* [EXERCISE INSTRUCTIONS]
Only lines that contain the word "intro" are to be returned from the data below.
_ _ _ _ _
lemma hausdorff_dist_sublevel_sets_le:
  fixes m :: "real \<Rightarrow> real"
  assumes "0 < l" "m x \<le> t" "t \<le> s"
    and growth: "\<And>y z. x \<le> z \<and> z \<le> y \<or> y \<le> z \<and> z \<le> x \<Longrightarrow> m z + l * \<bar>y - z\<bar> \<le> m y"
  shows "hausdorff_dist {y. m y \<le> t} {y. m y \<le> s} \<le> (s - t) / l"
proof -
  define d where "d = (s - t) / l"
  have "0 \<le> d" "l * d = s - t"
    using assms(1,3) unfolding d_def by simp_all
  have "hausdorff_dist {y. m y \<le> t} {y. m y \<le> s} \<le> d"
  proof (rule hausdorff_dist_le)
    show "{y. m y \<le> t} \<noteq> {}" "{y. m y \<le> s} \<noteq> {}"
      using assms(2,3) order_trans by auto
    show "\<exists>z\<in>{y. m y \<le> s}. \<bar>y - z\<bar> \<le> d" if "y \<in> {y. m y \<le> t}" for y
      using that assms(3) \<open>0 \<le> d\<close> by (intro bexI[of _ y]) auto
    show "\<exists>z\<in>{y. m y \<le> t}. \<bar>y - z\<bar> \<le> d" if "y \<in> {y. m y \<le> s}" for y
    proof (cases "\<bar>y - x\<bar> \<le> d")
      case True
      then show ?thesis
        using assms(2) by auto
    next
      case False
      define z where "z = (if x \<le> y then y - d else y + d)"
      have "x \<le> z \<and> z \<le> y \<or> y \<le> z \<and> z \<le> x" "\<bar>y - z\<bar> = d"
        using False \<open>0 \<le> d\<close> unfolding z_def by auto
      then have "m z \<le> t"
        using growth[of z y] that \<open>l * d = s - t\<close> by simp
      with \<open>\<bar>y - z\<bar> = d\<close> show ?thesis
        by auto
    qed
  qed
  then show ?thesis
    unfolding d_def .
qed

theorem lemma4p10:
  fixes H :: "real \<Rightarrow> real \<Rightarrow> 'w \<Rightarrow> real"
    and c c0 C0 \<gamma> :: real and w :: "real \<Rightarrow> real"
    and x \<mu> t s :: real and \<omega> :: 'w
  assumes H1: "c > 0" "\<And>p q y \<omega>. \<bar>H p y \<omega> - H q y \<omega>\<bar> \<le> c * \<bar>p - q\<bar>"
    and H2: "c0 > 0" "C0 > 0" "\<gamma> > 0"
      "\<And>p y \<omega>. - c0 * \<bar>p + \<gamma>\<bar> \<le> H p y \<omega>" "\<And>p y \<omega>. H p y \<omega> \<le> C0 * \<bar>p + \<gamma>\<bar>"
    and H3: "\<And>M. \<exists>R. \<forall>p y \<omega>. \<bar>p\<bar> \<ge> R \<longrightarrow> H p y \<omega> \<ge> M"
    and H4: "mono w" "\<And>r. w r \<ge> 0" "(w \<longlongrightarrow> 0) (at_right 0)"
      "\<And>p x y \<omega>. \<bar>H p y \<omega> - H p x \<omega>\<bar> \<le> w (\<bar>x - y\<bar> * (1 + \<bar>p\<bar>))"
    and H5: "\<And>y \<omega>. convex_on UNIV (\<lambda>p. H p y \<omega>)"
    and H6: "\<And>p y \<omega>. H p y \<omega> \<ge> H 0 y \<omega>"
    and mu: "\<mu> > A_tilde H \<omega>"
    and ts: "0 \<le> t" "t \<le> s"
  shows "hausdorff_dist (reachable H \<mu> t x \<omega>) (reachable H \<mu> s x \<omega>)
           \<le> (s - t) / ((\<mu> - A_tilde H \<omega>) / c)"
proof -
  have "H 0 y \<omega> \<le> H (- \<gamma>) y \<omega>" "H (- \<gamma>) y \<omega> \<le> 0" for y
    using H6[of y \<omega> "- \<gamma>"] H2(5)[of "- \<gamma>" y \<omega>] by simp_all
  then have "visc_sub H \<omega> 0 (\<lambda>_. 0)"
    by (intro visc_sub_const) (meson order_trans)
  then have A: "H 0 u \<omega> \<le> A_tilde H \<omega>" for u
    by (rule H0_le_A_tilde[where H = H and \<omega> = \<omega> and w = w, OF H6 H4(1,3,4) _ glob_lipschitz_const])
  define l where "l = (\<mu> - A_tilde H \<omega>) / c"
  have "0 < l"
    using mu H1(1) unfolding l_def by simp
  have slopes: "H q u \<omega> \<le> \<mu>" if "\<bar>q\<bar> \<le> l" for q u
    using H1 A that unfolding l_def by (rule H_le_of_abs_le_slack)
  have sub: "visc_sub H \<omega> \<mu> (\<lambda>_. 0)"
    using slopes \<open>0 < l\<close> by (intro visc_sub_const) simp
  obtain R where R: "\<forall>p y \<omega>. R \<le> \<bar>p\<bar> \<longrightarrow> \<mu> + 1 \<le> H p y \<omega>"
    using H3[of "\<mu> + 1"] by blast
  have steep: "\<mu> < H p y \<omega>" if "R \<le> \<bar>p\<bar>" for p y
    using R[rule_format, OF that, of y \<omega>] by linarith
  have bound: "v y - v x \<le> R * \<bar>y - x\<bar>" if "visc_sub H \<omega> \<mu> v" "glob_lipschitz v" for v y
    using visc_sub_lipschitz_bound[OF that steep] .
  have "hausdorff_dist {y. m_mu H \<mu> y x \<omega> \<le> t} {y. m_mu H \<mu> y x \<omega> \<le> s} \<le> (s - t) / l"
    using m_mu_self[OF sub glob_lipschitz_const] ts
      m_mu_cone_growth[OF bound sub glob_lipschitz_const less_imp_le[OF \<open>0 < l\<close>] slopes]
    by (intro hausdorff_dist_sublevel_sets_le[OF \<open>0 < l\<close>]) auto
  then show ?thesis
    unfolding reachable_def l_def .
qed

end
_ _ _ _ _
* [RESPONSE]
      using that assms(3) \<open>0 \<le> d\<close> by (intro bexI[of _ y]) auto
    by (intro visc_sub_const) (meson order_trans)
    using slopes \<open>0 < l\<close> by (intro visc_sub_const) simp
    by (intro hausdorff_dist_sublevel_sets_le[OF \<open>0 < l\<close>]) auto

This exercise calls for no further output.